As you can see, we get a `Path` object showing where the data is stored. Let's open it in `pandas`, as currently the API only supports reading in through `DataFrame`'s:

In [None]:
import pandas as pd

df = pd.read_csv(path/'texts.csv')

In [None]:
df.head()

Unnamed: 0,label,text,is_valid
0,negative,"Un-bleeping-believable! Meg Ryan doesn't even look her usual pert lovable self in this, which normally makes me forgive her shallow ticky acting schtick. Hard to believe she was the producer on this dog. Plus Kevin Kline: what kind of suicide trip has his career been on? Whoosh... Banzai!!! Finally this was directed by the guy who did Big Chill? Must be a replay of Jonestown - hollywood style. Wooofff!",False
1,positive,"This is a extremely well-made film. The acting, script and camera-work are all first-rate. The music is good, too, though it is mostly early in the film, when things are still relatively cheery. There are no really superstars in the cast, though several faces will be familiar. The entire cast does an excellent job with the script.<br /><br />But it is hard to watch, because there is no good end to a situation like the one presented. It is now fashionable to blame the British for setting Hindus and Muslims against each other, and then cruelly separating them into two countries. There is som...",False
2,negative,"Every once in a long while a movie will come along that will be so awful that I feel compelled to warn people. If I labor all my days and I can save but one soul from watching this movie, how great will be my joy.<br /><br />Where to begin my discussion of pain. For starters, there was a musical montage every five minutes. There was no character development. Every character was a stereotype. We had swearing guy, fat guy who eats donuts, goofy foreign guy, etc. The script felt as if it were being written as the movie was being shot. The production value was so incredibly low that it felt li...",False
3,positive,"Name just says it all. I watched this movie with my dad when it came out and having served in Korea he had great admiration for the man. The disappointing thing about this film is that it only concentrate on a short period of the man's life - interestingly enough the man's entire life would have made such an epic bio-pic that it is staggering to imagine the cost for production.<br /><br />Some posters elude to the flawed characteristics about the man, which are cheap shots. The theme of the movie ""Duty, Honor, Country"" are not just mere words blathered from the lips of a high-brassed offic...",False
4,negative,"This movie succeeds at being one of the most unique movies you've seen. However this comes from the fact that you can't make heads or tails of this mess. It almost seems as a series of challenges set up to determine whether or not you are willing to walk out of the movie and give up the money you just paid. If you don't want to feel slighted you'll sit through this horrible film and develop a real sense of pity for the actors involved, they've all seen better days, but then you realize they actually got paid quite a bit of money to do this and you'll lose pity for them just like you've alr...",False


So we have a `label`, some `text`, and an `is_valid` column. Let's see how we can frame this into AdaptNLP

## High Level API

Each `*Tuner` class comes with a factory method to prepare your dataset and generate the `Tuner` class at once. If you want a more exposed API, the next section will introduce you to the mid-level API. Let's see the doc for our function:

**TODO**

## Mid-Level API

Let's see now how to recreate that high level API, with the `Datasets` and `Tuner` APIs:

We'll use the `SequenceClassificationDatasets.from_df` helper function:

In [None]:
help(SequenceClassificationDatasets.from_df)

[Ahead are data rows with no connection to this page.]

text \<open>Matrices indexed by partitions with finitely many nonzero entries in each column form
  a ring, over which Q^+(v) is a power series with constant term 1 and hence has a two-sided
  inverse. Therefore \<open>\<beta>~_j(v) Q^+(v) = Q^+(v) \<beta>_j\<close>, and the identities are the coefficient
  of v^r of this equation, read off in column \<open>\<mu>\<close>. On the left, \<open>\<rho>\<close> may be restricted to
  partitions with at most n parts because every \<open>Q^+_a\<close> preserves them; on the right, column
  \<open>\<mu>\<close> of \<open>\<beta>_j\<close> (resp. \<open>\<beta>^*_j\<close>) has the single entry at \<open>\<beta>_j\<mu>\<close> (resp. \<open>\<beta>^*_j\<mu>\<close>).\<close>

section \<open>Column-finite operators\<close>

definition col_supp :: "opr \<Rightarrow> part \<Rightarrow> part set" where
  "col_supp A mu = {lam. A lam mu \<noteq> 0}"

lemma fsum_UNIV_eq_sum:
  assumes "finite T" "{x. f x \<noteq> 0} \<subseteq> T"
  shows "fsum UNIV f = sum f T"
  unfolding fsum_def by (rule sum.mono_neutral_left) (use assms in auto)

lemma op_mult_eq_sum:
  assumes "finite T" "col_supp B mu \<subseteq> T"
  shows "op_mult A B lam mu = (\<Sum>rho\<in>T. A lam rho * B rho mu)"
  unfolding op_mult_def by (rule fsum_UNIV_eq_sum) (use assms in \<open>auto simp: col_supp_def\<close>)

lemma fsum_neq_zeroD: "fsum S f \<noteq> 0 \<Longrightarrow> \<exists>x\<in>S. f x \<noteq> 0"
  unfolding fsum_def by (metis (mono_tags, lifting) mem_Collect_eq sum.not_neutral_contains_not_neutral)

lemma fsum_restrict_UNIV: "(\<And>x. f x \<noteq> 0 \<Longrightarrow> x \<in> S) \<Longrightarrow> fsum S f = fsum UNIV f"
  unfolding fsum_def by (metis (mono_tags, lifting) UNIV_I)

lemma fsum_divide: "fsum S (\<lambda>x. f x / c) = fsum S f / c"
proof (cases "c = 0")
  case False
  then have "{x \<in> S. f x / c \<noteq> 0} = {x \<in> S. f x \<noteq> 0}" by auto
  then show ?thesis unfolding fsum_def using False by (simp add: sum_divide_distrib)
qed (simp add: fsum_def)

lemma op_mult_neq_zeroD: "op_mult A B lam mu \<noteq> 0 \<Longrightarrow> \<exists>rho. A lam rho \<noteq> 0 \<and> B rho mu \<noteq> 0"
  unfolding op_mult_def using fsum_neq_zeroD by fastforce

lemma col_supp_op_mult: "col_supp (op_mult A B) mu \<subseteq> (\<Union>rho\<in>col_supp B mu. col_supp A rho)"
  using op_mult_neq_zeroD unfolding col_supp_def by fastforce

lemma finite_col_supp_op_mult:
  "finite (col_supp B mu) \<Longrightarrow> (\<forall>rho. finite (col_supp A rho)) \<Longrightarrow> finite (col_supp (op_mult A B) mu)"
  by (meson col_supp_op_mult finite_UN_I finite_subset)

lemma op_mult_assoc:
  assumes B: "\<forall>mu. finite (col_supp B mu)" and C: "\<forall>mu. finite (col_supp C mu)"
  shows "op_mult (op_mult A B) C = op_mult A (op_mult B C)"
proof (intro ext)
  fix lam mu
  define U where "U = (\<Union>rho\<in>col_supp C mu. col_supp B rho)"
  have U: "finite U" using B C unfolding U_def by auto
  have "op_mult (op_mult A B) C lam mu = (\<Sum>rho\<in>col_supp C mu. op_mult A B lam rho * C rho mu)"
    by (rule op_mult_eq_sum) (use C in auto)
  also have "\<dots> = (\<Sum>rho\<in>col_supp C mu. (\<Sum>s\<in>U. A lam s * B s rho) * C rho mu)"
    by (intro sum.cong refl arg_cong2[where f="(*)"] op_mult_eq_sum U) (auto simp: U_def)
  also have "\<dots> = (\<Sum>s\<in>U. A lam s * (\<Sum>rho\<in>col_supp C mu. B s rho * C rho mu))"
    by (simp add: sum_distrib_left sum_distrib_right mult.assoc) (rule sum.swap)
  also have "\<dots> = (\<Sum>s\<in>U. A lam s * op_mult B C s mu)"
    by (intro sum.cong refl arg_cong2[where f="(*)"] op_mult_eq_sum[symmetric]) (use C in auto)
  also have "\<dots> = op_mult A (op_mult B C) lam mu"
    by (rule op_mult_eq_sum[symmetric, OF U]) (use col_supp_op_mult U_def in auto)
  finally show "op_mult (op_mult A B) C lam mu = op_mult A (op_mult B C) lam mu" .
qed

lemma col_supp_op_id: "col_supp op_id mu = {mu}"
  by (auto simp: col_supp_def op_id_def)

lemma op_mult_id_left:
  assumes "finite (col_supp A mu)"
  shows "op_mult op_id A lam mu = A lam mu"
proof -
  have "op_mult op_id A lam mu = (\<Sum>rho\<in>insert lam (col_supp A mu). op_id lam rho * A rho mu)"
    by (rule op_mult_eq_sum) (use assms in auto)
  also have "\<dots> = (\<Sum>rho\<in>insert lam (col_supp A mu). if rho = lam then A lam mu else 0)"
    by (intro sum.cong) (auto simp: op_id_def)
  finally show ?thesis using assms by simp
qed

lemma op_mult_id_right: "op_mult A op_id lam mu = A lam mu"
  by (subst op_mult_eq_sum[of "{mu}"]) (auto simp: op_id_def col_supp_def)

lemma op_mult_add_left:
  "finite (col_supp C mu) \<Longrightarrow>
    op_mult (\<lambda>l m. A l m + B l m) C lam mu = op_mult A C lam mu + op_mult B C lam mu"
  by (simp add: op_mult_eq_sum[of "col_supp C mu"] distrib_right sum.distrib)

lemma op_mult_add_right:
  assumes "finite (col_supp B mu)" "finite (col_supp C mu)"
  shows "op_mult A (\<lambda>l m. B l m + C l m) lam mu = op_mult A B lam mu + op_mult A C lam mu"
proof -
  let ?T = "col_supp B mu \<union> col_supp C mu"
  have "op_mult A X lam mu = (\<Sum>rho\<in>?T. A lam rho * X rho mu)"
    if "X = B \<or> X = C \<or> X = (\<lambda>l m. B l m + C l m)" for X
    by (rule op_mult_eq_sum) (use assms that in \<open>auto simp: col_supp_def\<close>)
  then show ?thesis by (simp add: distrib_left sum.distrib)
qed

lemma finite_col_supp_pointwise:
  assumes "\<forall>mu. finite (col_supp A mu)" "\<forall>mu. finite (col_supp B mu)" "f 0 0 = 0"
  shows "\<forall>mu. finite (col_supp (\<lambda>lam mu. f (A lam mu) (B lam mu)) mu)"
proof
  fix mu
  have "col_supp (\<lambda>lam mu. f (A lam mu) (B lam mu)) mu \<subseteq> col_supp A mu \<union> col_supp B mu"
    using assms(3) by (auto simp: col_supp_def)
  then show "finite (col_supp (\<lambda>lam mu. f (A lam mu) (B lam mu)) mu)"
    using assms(1,2) by (meson finite_UnI finite_subset)
qed

typedef cfop = "{A::opr. \<forall>mu. finite (col_supp A mu)}"
  by (rule exI[of _ "\<lambda>_ _. 0"]) (simp add: col_supp_def)

setup_lifting type_definition_cfop

instantiation cfop :: ring_1
begin

lift_definition zero_cfop :: cfop is "\<lambda>_ _. 0"
  by (simp add: col_supp_def)

lift_definition one_cfop :: cfop is op_id
  by (simp add: col_supp_op_id)

lift_definition plus_cfop :: "cfop \<Rightarrow> cfop \<Rightarrow> cfop" is "\<lambda>A B lam mu. A lam mu + B lam mu"
  using finite_col_supp_pointwise[of _ _ "(+)"] by simp

lift_definition uminus_cfop :: "cfop \<Rightarrow> cfop" is "\<lambda>A lam mu. - A lam mu"
  by (simp add: col_supp_def)

lift_definition minus_cfop :: "cfop \<Rightarrow> cfop \<Rightarrow> cfop" is "\<lambda>A B lam mu. A lam mu - B lam mu"
  using finite_col_supp_pointwise[of _ _ "(-)"] by simp

lift_definition times_cfop :: "cfop \<Rightarrow> cfop \<Rightarrow> cfop" is op_mult
  by (simp add: finite_col_supp_op_mult)

instance
proof
  fix a b c :: cfop
  show "a * b * c = a * (b * c)" by transfer (simp add: op_mult_assoc)
  show "(a + b) * c = a * c + b * c" by transfer (simp add: op_mult_add_left fun_eq_iff)
  show "a * (b + c) = a * b + a * c" by transfer (simp add: op_mult_add_right fun_eq_iff)
  show "1 * a = a" by transfer (simp add: op_mult_id_left fun_eq_iff)
  show "a * 1 = a" by transfer (simp add: op_mult_id_right fun_eq_iff)
  show "a + b + c = a + (b + c)" by transfer (auto simp: algebra_simps)
  show "a + b = b + a" by transfer (auto simp: algebra_simps)
  show "0 + a = a" by transfer auto
  show "- a + a = 0" by transfer auto
  show "a - b = a + - b" by transfer auto
  show "(0::cfop) \<noteq> 1" by transfer (metis op_id_def one_neq_zero)
qed

end

lemma Rep_cfop_sum: "Rep_cfop (sum f S) lam mu = (\<Sum>x\<in>S. Rep_cfop (f x) lam mu)"
  by (induction S rule: infinite_finite_induct) (simp_all add: zero_cfop.rep_eq plus_cfop.rep_eq)

lemma Rep_cfop_power: "Rep_cfop (x ^ k) = op_pow (Rep_cfop x) k"
  by (induction k) (simp_all add: op_pow_def one_cfop.rep_eq times_cfop.rep_eq)

lemma Rep_cfop_foldr: "Rep_cfop (foldr (*) xs 1) = foldr op_mult (map Rep_cfop xs) op_id"
  by (induction xs) (simp_all add: one_cfop.rep_eq times_cfop.rep_eq)

definition cf_scale :: "K \<Rightarrow> cfop \<Rightarrow> cfop" where
  "cf_scale c A = Abs_cfop (\<lambda>lam mu. c * Rep_cfop A lam mu)"

lemma Rep_cfop_cf_scale: "Rep_cfop (cf_scale c A) = (\<lambda>lam mu. c * Rep_cfop A lam mu)"
  unfolding cf_scale_def
proof (rule Abs_cfop_inverse, safe)
  fix mu
  have "col_supp (\<lambda>lam mu. c * Rep_cfop A lam mu) mu \<subseteq> col_supp (Rep_cfop A) mu"
    by (auto simp: col_supp_def)
  then show "finite (col_supp (\<lambda>lam mu. c * Rep_cfop A lam mu) mu)"
    using Rep_cfop[of A] by (auto intro: finite_subset)
qed

lemma col_supp_beta: "col_supp (beta j) mu \<subseteq> {del_col j mu}"
  by (auto simp: col_supp_def beta_def)

lemma col_supp_betaS: "col_supp (betaS j) mu \<subseteq> {ins_col j mu}"
  by (auto simp: col_supp_def betaS_def)

lift_definition beta_cf :: "nat \<Rightarrow> cfop" is beta
  using col_supp_beta by (meson finite.emptyI finite_insert finite_subset)

lift_definition betaS_cf :: "nat \<Rightarrow> cfop" is betaS
  using col_supp_betaS by (meson finite.emptyI finite_insert finite_subset)

definition Qterm_cf :: "nat \<Rightarrow> (nat \<Rightarrow> nat) \<Rightarrow> cfop" where
  "Qterm_cf n alpha = betaS_cf 1 ^ alpha n *
     (foldr (*) (map (\<lambda>i. (beta_cf i * betaS_cf (Suc i)) ^ alpha i) [1..<n]) 1 * beta_cf n ^ alpha n)"

lemma Rep_cfop_Qterm_cf: "Rep_cfop (Qterm_cf n alpha) = Qterm n alpha"
  by (simp add: Qterm_cf_def Qterm_def times_cfop.rep_eq Rep_cfop_power Rep_cfop_foldr o_def
      beta_cf.rep_eq betaS_cf.rep_eq)

definition Qp_cf :: "nat \<Rightarrow> nat \<Rightarrow> cfop" where
  "Qp_cf n r = cf_scale ((-1) ^ r)
     (\<Sum>alpha\<in>comps n r. cf_scale (1 / (\<Prod>i=1..n. qpoch (alpha i))) (Qterm_cf n alpha))"

lemma Rep_cfop_Qp_cf: "Rep_cfop (Qp_cf n r) = Qp n r"
  by (intro ext) (simp add: Qp_cf_def Qp_def Rep_cfop_cf_scale Rep_cfop_sum Rep_cfop_Qterm_cf)

lemma comps_0: "comps n 0 = {\<lambda>_. 0}"
proof (intro equalityI subsetI)
  fix alpha assume "alpha \<in> comps n 0"
  then have supp: "\<forall>i. alpha i \<noteq> 0 \<longrightarrow> 1 \<le> i \<and> i \<le> n" and "(\<Sum>i=1..n. alpha i) = 0"
    unfolding comps_def mem_Collect_eq by (blast, blast)
  then have "\<forall>i\<in>{1..n}. alpha i = 0" by (simp only: sum_eq_0_iff finite_atLeastAtMost)
  with supp have "alpha = (\<lambda>_. 0)" by (meson atLeastAtMost_iff ext)
  then show "alpha \<in> {\<lambda>_. 0}" by simp
qed (simp add: comps_def)

lemma Qp_cf_0: "Qp_cf n 0 = 1"
proof -
  have "foldr (*) (map (\<lambda>i. 1) xs) 1 = (1::cfop)" for xs :: "nat list"
    by (induction xs) auto
  then have Qterm: "Qterm_cf n (\<lambda>_. 0) = 1"
    unfolding Qterm_cf_def power_0 by (simp only: mult_1_left mult_1_right)
  have scale: "cf_scale 1 x = x" for x
    by (simp add: cf_scale_def Rep_cfop_inverse)
  have qpoch: "qpoch 0 = 1"
    by (simp add: qpoch_def)
  have singleton: "sum f {x} = f x" for f :: "(nat \<Rightarrow> nat) \<Rightarrow> cfop" and x
    by simp
  show ?thesis
    unfolding Qp_cf_def comps_0 singleton Qterm qpoch prod.neutral_const power_0 div_by_1 scale ..
qed

section \<open>The power series \<open>Q\<^sup>+(v)\<close>\<close>

lemma fps_right_inverse_mult_self:
  fixes f :: "'a::ring_1 fps"
  assumes "fps_nth f 0 = 1"
  shows "fps_right_inverse f 1 * f = 1"
  using fps_left_inverse[of 1 f] fps_left_inverse_eq_fps_right_inverse[of 1 f 1] assms by simp

definition Q_fps :: "nat \<Rightarrow> cfop fps" where
  "Q_fps n = Abs_fps (Qp_cf n)"

lemma fps_nth_Q_fps: "fps_nth (Q_fps n) k = Qp_cf n k"
  by (simp add: Q_fps_def)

Help on method from_df in module adaptnlp.training.data:

from_df(df: Union[pandas.core.frame.DataFrame, pathlib.Path], text_col: str = 'text', label_col: str = 'labels', splits=None, tokenizer_name: str = None, tokenize: bool = True) method of builtins.type instance
    Builds `SequenceClassificationDatasets` from a `DataFrame` or file path



As we can see, it expects a `DataFrame`, a text column name our text is stored at, a label column name, splits, and a tokenizer model.

First let's look at how to write our splits. 

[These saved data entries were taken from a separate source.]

lemma dsig_shift_outside:
  assumes "p \<in> plaqs_Z4" "p \<notin> (\<Union>e\<in>S. ucobd e)"
  shows "dsig n (shift \<sigma> t) p = dsig n \<sigma> p"
proof -
  have "x \<notin> S \<and> neg_edge x \<notin> S" if "x \<in> bd p" for x
  proof -
    have "p \<in> cobd x"
      using assms(1) that by (simp add: cobd_def)
    then have "p \<in> ucobd x" "p \<in> ucobd (neg_edge x)"
      by (simp_all add: ucobd_def)
    then show ?thesis using assms(2) by blast
  qed
  then show ?thesis
    unfolding dsig_def by (simp add: shift_other)
qed

lemma gamma'_shift: "gamma' n (shift \<sigma> t) \<gamma> = gamma' n \<sigma> \<gamma>"
proof -
  have add_mod_cancel: "(a + c) mod m = (b + c) mod m \<longleftrightarrow> a mod m = b mod m" for a b c m :: int
    by (metis add_diff_cancel_right' mod_add_left_eq mod_diff_left_eq)
  have "dsig n (shift \<sigma> t) p = dsig n (shift \<sigma> t) p' \<longleftrightarrow> dsig n \<sigma> p = dsig n \<sigma> p'"
    if "e \<in> S" "p \<in> cobd e" "p' \<in> cobd e" for e p p'
    unfolding dsig_shift_cobd[OF that(1,2)] dsig_shift_cobd[OF that(1,3)] add_mod_cancel
    by (simp add: dsig_def)
  then show ?thesis
    unfolding gamma'_def by blast
qed
(* Let $\mathcal{M}\subset\mathbb{R}^K$ be a submanifold with geodesic distance $d_{\mathcal{M}}$ and $\mu$ a Borel probability measure on $\mathcal{M}$. Let $p_2\in(0,0.5]$ and let $\mathcal{V}=\{X_1,\dots,X_n\}$ be an i.i.d. sample of size $n$ from $\mu$. Set $\delta^2=4n^{-1}\ln\big(\frac{4n^2}{p_2}\big)$. Then with probability at least $1-p_2$, for all $X_i\in\mathcal{V}$ and all $r>0$, $$\eta_1(B_{\mathcal{M}}(X_i,r))\le\tfrac32\mu(B_{\mathcal{M}}(X_i,r))+3\delta^2\quad\text{and}\quad\mu(B_{\mathcal{M}}(X_i,r))\le\tfrac32\eta_1(B_{\mathcal{M}}(X_i,r))+3\delta^2.$$
   Context: $B_{\mathcal{M}}(x,r)=\{y\in\mathcal{M}:d_{\mathcal{M}}(x,y)<r\}$; $\eta_1(W)=\frac1n\sum_{j=1}^n\mathbf{1}_{X_j\in W}$ is the empirical measure of the sample. *)

theory Defs
  imports "HOL-Analysis.Analysis" "HOL-Probability.Probability"
begin

definition C1_on :: "'a::euclidean_space set \<Rightarrow> ('a \<Rightarrow> 'a) \<Rightarrow> bool" where
  "C1_on U f \<longleftrightarrow> (\<exists>D. (\<forall>y\<in>U. (f has_derivative blinfun_apply (D y)) (at y))
                       \<and> continuous_on U D)"

definition is_submanifold :: "'a::euclidean_space set \<Rightarrow> bool" where
  "is_submanifold M \<longleftrightarrow>
     (\<forall>x\<in>M. \<exists>U V \<phi> \<psi> L. open U \<and> x \<in> U \<and> open V \<and> subspace L \<and>
         \<phi> ` U = V \<and> (\<forall>y\<in>U. \<psi> (\<phi> y) = y) \<and> (\<forall>z\<in>V. \<phi> (\<psi> z) = z) \<and>
         C1_on U \<phi> \<and> C1_on V \<psi> \<and> \<phi> ` (M \<inter> U) = V \<inter> L)"

definition curve_length :: "(real \<Rightarrow> 'a::real_normed_vector) \<Rightarrow> ereal" where
  "curve_length \<gamma> = (SUP (t, m) \<in> {(t :: nat \<Rightarrow> real, m :: nat).
        t 0 = 0 \<and> t m = 1 \<and> (\<forall>k<m. t k \<le> t (Suc k))}.
        ereal (\<Sum>k<m. norm (\<gamma> (t (Suc k)) - \<gamma> (t k))))"

text \<open>Geodesic (intrinsic) distance on M: infimum of lengths of curves in M
  joining x and y (\<infinity> if there are none).\<close>
definition geodesic_dist :: "'a::real_normed_vector set \<Rightarrow> 'a \<Rightarrow> 'a \<Rightarrow> ereal" where
  "geodesic_dist M x y = (INF \<gamma> \<in> {\<gamma>. path \<gamma> \<and> path_image \<gamma> \<subseteq> M \<and>
        pathstart \<gamma> = x \<and> pathfinish \<gamma> = y}. curve_length \<gamma>)"

definition geo_ball :: "'a::real_normed_vector set \<Rightarrow> 'a \<Rightarrow> real \<Rightarrow> 'a set" where
  "geo_ball M x r = {y \<in> M. geodesic_dist M x y < ereal r}"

These should be in the format of a list of indicies, dictating what goes to the training, and what goes to the validation sets such as: `[[0,1,2],[3,4,5]]`.

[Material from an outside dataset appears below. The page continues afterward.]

(* In the line network setting of the context, let $\lambda_{\min}>0$ be such that (P) is feasible for both $\mathbf{G}_{\mathrm{HD}}$ and $\mathbf{G}_{\mathrm{FD}}$ with $t^*_{\mathrm{HD}}>0$. Let $\eta\in(0,1)$, $\delta^*_{\mathrm{HD}}=-\log(1-\eta)/t^*_{\mathrm{HD}}$, $\delta^*_{\mathrm{FD}}=-\log(1-\eta)/t^*_{\mathrm{FD}}$, and $\ell=\delta^*_{\mathrm{HD}}/\delta^*_{\mathrm{FD}}$. Then with $$\Lambda_1=\frac{R_a}{4(K+1)\left(\frac{R_a}{R_b}\right)^2+(2K+3)w\frac{R_a}{R_b}+w},\qquad \Lambda_2=\frac{R_a}{(K+1)\left(\frac{R_a}{R_b}\right)^2+(K+1)w\frac{R_a}{R_b}+w},$$ $$\ell=\begin{cases}\dfrac{1-w\lambda_{\min}\left(\frac1{R_b}+\frac1{R_a}\right)}{1-w\lambda_{\min}\left(\frac3{R_b}+\frac1{R_a}\right)}\cdot\dfrac{\frac{2(K+1)}{R_b}+\frac{Kw}{R_a}}{\frac{K+1}{R_b}+\frac{Kw}{R_a}}, & \lambda_{\min}\le\Lambda_1,\\[3ex] \dfrac{1-w\lambda_{\min}\left(\frac1{R_b}+\frac1{R_a}\right)}{1-w\lambda_{\min}\left(\frac{2K-1}{R_b}+\frac1{R_a}\right)}\cdot\dfrac{\frac{2(K+1)}{R_b}+\frac{2w}{R_a}}{\frac{K+1}{R_b}+\frac{Kw}{R_a}}, & \Lambda_1<\lambda_{\min}\le\Lambda_2,\\[3ex] 2\,\dfrac{1-w\lambda_{\min}\left(\frac{K}{R_b}+\frac1{R_a}\right)}{1-w\lambda_{\min}\left(\frac{2K-1}{R_b}+\frac1{R_a}\right)}, & \lambda_{\min}>\Lambda_2.\end{cases}$$
   Context: General setting: a rooted tree with root the donor (vertex $0$), other internal vertices IAB nodes $1,\dots,K$, leaves $M$ user equipments (UEs); vertices $0,\dots,K$ are base stations (BSs). Each non-root vertex $v$ has a unique parent and the edge from its parent to $v$ is indexed by $v$; $\mathcal{E}$ is the edge set. For each UE $m$, $\mathsf{R}(m)$ is the set of edges on the path from $0$ to $m$ and $h_m=|\mathsf{R}(m)|$. $\mathbf{F}\in\{0,1\}^{|\mathcal{E}|\times M}$ has $F_{v,m}=1$ iff $v\in\mathsf{R}(m)$. $\mathbf{C}=\mathrm{diag}(c_v)$ with $c_v>0$ the capacity of edge $v$. Half-duplex scheduling matrix $\mathbf{G}_{\mathrm{HD}}\in\{0,1\}^{(K+1)\times|\mathcal{E}|}$: $[\mathbf{G}_{\mathrm{HD}}]_{k,v}=1$ iff BS $k$ is the parent or the child of edge $v$; full-duplex $\mathbf{G}_{\mathrm{FD}}$: $[\mathbf{G}_{\mathrm{FD}}]_{k,v}=1$ iff BS $k$ is the parent of edge $v$. Problem (P) for a given $\mathbf{G}$ and $\lambda_{\min}>0$: maximize $t$ over $(t,\boldsymbol{\lambda},\boldsymbol{\mu})\in\mathbb{R}\times\mathbb{R}^M\times\mathbb{R}^{|\mathcal{E}|}$ subject to $\boldsymbol{\lambda}\ge\lambda_{\min}\mathbf{1}$, $\mathbf{0}\le\boldsymbol{\mu}\le\mathbf{1}$, $t\ge0$, $\mathbf{G}\boldsymbol{\mu}\le\mathbf{1}$, and $c_v\mu_v-(\mathbf{F}\boldsymbol{\lambda})_v\ge t\,h_m$ for every UE $m$ and every $v\in\mathsf{R}(m)$; $t^*_{\mathrm{HD}}$, $t^*_{\mathrm{FD}}$ denote its optimal values for $\mathbf{G}_{\mathrm{HD}}$, $\mathbf{G}_{\mathrm{FD}}$. Line network: $K\ge2$; IAB node $k$ is the child of BS $k-1$ for $k=1,\dots,K$; each BS $k\in\{0,\dots,K\}$ has, in addition, exactly $w\ge1$ UE children and no other children. Each backhaul edge (into an IAB node) has capacity $R_b$ and each access edge (into a UE) has capacity $R_a$, where $0<R_a<R_b$. Additionally assume $wR_b\le (K+1)R_a$. The same $\mathbf{C}$ is used for both the HD and FD cases. *)

theory Defs
  imports Complex_Main
begin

Since we have an `is_valid` column, we will bring in `fastai`'s `ColSplitter`, which can read in that `is_valid` column and generate some indicies:

In [None]:
from fastai.data.transforms import ColSplitter

splits = ColSplitter('is_valid')(df)

In [None]:
splits

((#800) [0,1,2,3,4,5,6,7,8,9...],
 (#200) [800,801,802,803,804,805,806,807,808,809...])

We can see that 800 indicies went to `[0]`, and 200 indicies went to `[1]`. Now that we have some splits, let's build and tokenize our dataset:

In [None]:
dset = SequenceClassificationDatasets.from_df(
    df = df,
    text_col = 'text',
    label_col = 'label',
    splits = splits,
    tokenizer_name = 'bert-base-uncased',
    tokenize = True
)

Once we have our tokenized `Dataset`, all we need to do is build our `DataLoaders`:

In [None]:
dls = dset.dataloaders(batch_size=8, shuffle_train=True)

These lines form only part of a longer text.